Another test will be whether, even though it can’t recommend changes in the borrowing rules, Elphicke does at least review the evidence for what relaxed rules could achieve and the scope for minor changes. After all, the government itself has offered minor concessions in the scheme it announced in the Autumn Statement which might release an extra £300 million of borrowing.
The Elphicke Review will only have credibility with local authorities if it avoids the blame game and the temptation to recommend further sales of the family silver. It’s right for Elphicke to look at ways in which councils can raise their game in encouraging development, but if it criticises poor performers it should also be clear that councils only carry a small part of the responsibility for the failure to build enough houses. It should look critically at the changes to the planning system which Pickles has imposed, including the ending of regional housing targets, rather than simply repeating and endorsing his endless criticism of recalcitrant councils.

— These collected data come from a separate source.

lemma bounded_linear_of_bounded_on_ball:
  fixes S :: "'a::real_normed_vector \<Rightarrow> 'b::real_normed_vector"
  assumes "linear S" "r > 0" "\<And>y. y \<in> ball x0 r \<Longrightarrow> norm (S y) \<le> c"
  shows "bounded_linear S"
proof -
  have small: "norm (S y) \<le> 2 * c" if "norm y < r" for y
  proof -
    have "norm (S (x0 + y)) \<le> c" "norm (S x0) \<le> c"
      using assms(2,3) that by (auto simp: dist_norm)
    moreover have "S y = S (x0 + y) - S x0"
      by (simp add: linear_add[OF assms(1)])
    ultimately show ?thesis
      by (metis norm_triangle_ineq4 order_trans add_mono mult_2)
  qed
  have "norm (S u) \<le> norm u * (4 * c / r)" for u
  proof (cases "u = 0")
    case True
    then show ?thesis using linear_0[OF assms(1)] by simp
  next
    case False
    define a where "a = r / (2 * norm u)"
    have "a > 0" "norm (a *\<^sub>R u) < r"
      using False assms(2) by (simp_all add: a_def)
    then have "a * norm (S u) \<le> 2 * c"
      using small[of "a *\<^sub>R u"] by (simp add: linear_scale[OF assms(1)])
    then show ?thesis
      using \<open>a > 0\<close> False assms(2) by (simp add: a_def field_simps)
  qed
  then show ?thesis
    by (intro bounded_linear_intro linear_add[OF assms(1)] linear_scale[OF assms(1)])
qed

text \<open>A special case of the bounded inverse theorem, proved by Baire category: the sublevel sets
  of \<open>x \<mapsto> \<parallel>T\<inverse> x\<parallel>\<close> are closed because \<open>T\<inverse>\<close> is symmetric.\<close>

lemma bounded_linear_inv_symmetric_operator:
  fixes T :: "'a::{real_inner,banach} \<Rightarrow> 'a"
  assumes "linear T" "symmetric_operator T" "bij T"
  shows "bounded_linear (inv T)"
proof -
  note inv = linear_inv_symmetric_operator[OF assms]
  define F where "F n = {x. norm (inv T x) \<le> real n}" for n
  have "closed (F n)" for n
    unfolding F_def by (rule closed_norm_le_symmetric_operator[OF inv(2)])
  moreover have "(\<Union>n. F n) = UNIV"
    using real_arch_simple by (auto simp: F_def)
  ultimately obtain n x0 where "x0 \<in> interior (F n)"
    using closed_cover_interior_nonempty by blast
  then obtain r where "r > 0" "ball x0 r \<subseteq> F n"
    by (meson open_contains_ball_eq open_interior interior_subset subset_trans)
  then show ?thesis
    by (intro bounded_linear_of_bounded_on_ball[OF inv(1), of r x0 "real n"]) (auto simp: F_def)
qed
theorem theorem6p4:
  fixes \<I> \<J> :: "nat set set" and K :: "'a set"
  assumes "ideal_on_nat \<I>" and "ideal_on_nat \<J>" and "\<I> \<subseteq> \<J>"
    and "K \<lesssim> (UNIV :: real set)"
  shows "\<exists>X :: 'a topology.
           topspace X = K \<and>
           Hausdorff_space X \<and> separable_space X \<and> seq_compact_space X \<and>
           compact_space X \<and> normal_space X \<and>
           countable (isolated_points X) \<and>
           (\<forall>f :: nat \<Rightarrow> 'a \<Rightarrow> real.
              (\<forall>n. continuous_map X euclideanreal (f n)) \<longrightarrow>
              ideal_pointwise_zero \<I> (topspace X) f \<longrightarrow>
              ideal_sigma_uniform_zero \<J> (topspace X) f)"
proof (cases "K = {}")
  case True
  then show ?thesis
    by (intro exI[of _ trivial_topology])
      (simp add: separable_space_def seq_compact_space_def isolated_points_def
        compact_Hausdorff_or_regular_imp_normal_space
        ideal_sigma_uniform_zero_if_countable_sequences[OF assms(2,3)])
next
  case False
  then obtain p D A S where "psi_space p D A S" and K: "insert p (D \<union> A) = K"
    using exists_psi_space_on assms(4) by metis
  then interpret psi_space p D A S by simp
  show ?thesis
  proof (intro exI[of _ X] conjI allI impI)
    show "topspace X = K" using K by (simp add: topspace_psi)
    show "normal_space X"
      using compact_space_psi Hausdorff_space_psi
      by (intro compact_Hausdorff_or_regular_imp_normal_space) auto
    fix f :: "nat \<Rightarrow> 'a \<Rightarrow> real"
    assume "\<forall>n. continuous_map X euclideanreal (f n)" "ideal_pointwise_zero \<I> (topspace X) f"
    then show "ideal_sigma_uniform_zero \<J> (topspace X) f"
      using ideal_sigma_uniform_zero_if_countable_sequences[OF assms(2,3)] countable_sequences_psi
      by blast
  qed (simp_all add: Hausdorff_space_psi separable_space_psi seq_compact_space_psi
      compact_space_psi countable_isolated_points_psi)
qed

end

Its remit doesn’t extend to the role of developers themselves, but it can at least point to some of the endemic problems that see their share prices and profits going up while their output only increases with painful sluggishness.
Above all, Elphicke should point out that is deeply cynical of government to criticise local planning authorities for not planning for sufficient housing when it lacks an adequate housing strategy itself. The one the coalition published in November 2011, Laying the Foundations, was little more than a ragbag of recycled policies, not a strategy with targets and the means to achieve them.
Curiously, insofar as Laying the Foundations mentioned a figure of how many houses we need to build, it used the DCLG’s then official projections of increases in numbers of households, by 232,000 households per year to 2033. This would exceed Labour’s 200,000 target, and be within spitting distance of the 250,000 per year target often mentioned as being required. The problem is that private housebuilders have, since 1980, only built an average of 125,000 dwellings annually and on only four occasions did they exceed 150,000. Even if we suppose their output might be pushed up to 160,000, this still leaves a lot to be built by social landlords and clearly won’t be achieved with anything like current funding arrangements which struggle to deliver over 50,000 homes.
Elphicke should say that a step change in output can only be achieved with a clear plan, that sets targets and plausible means of achieving them, allocates responsibilities and finance, gets buy-in from the different parts of the industry and is properly monitored. This goes against the grain of how the coalition conducts housing policy, but unless and until someone does it the “deep, deep structural problems” that Mark Carney says afflict the British housing market will remain unsolved.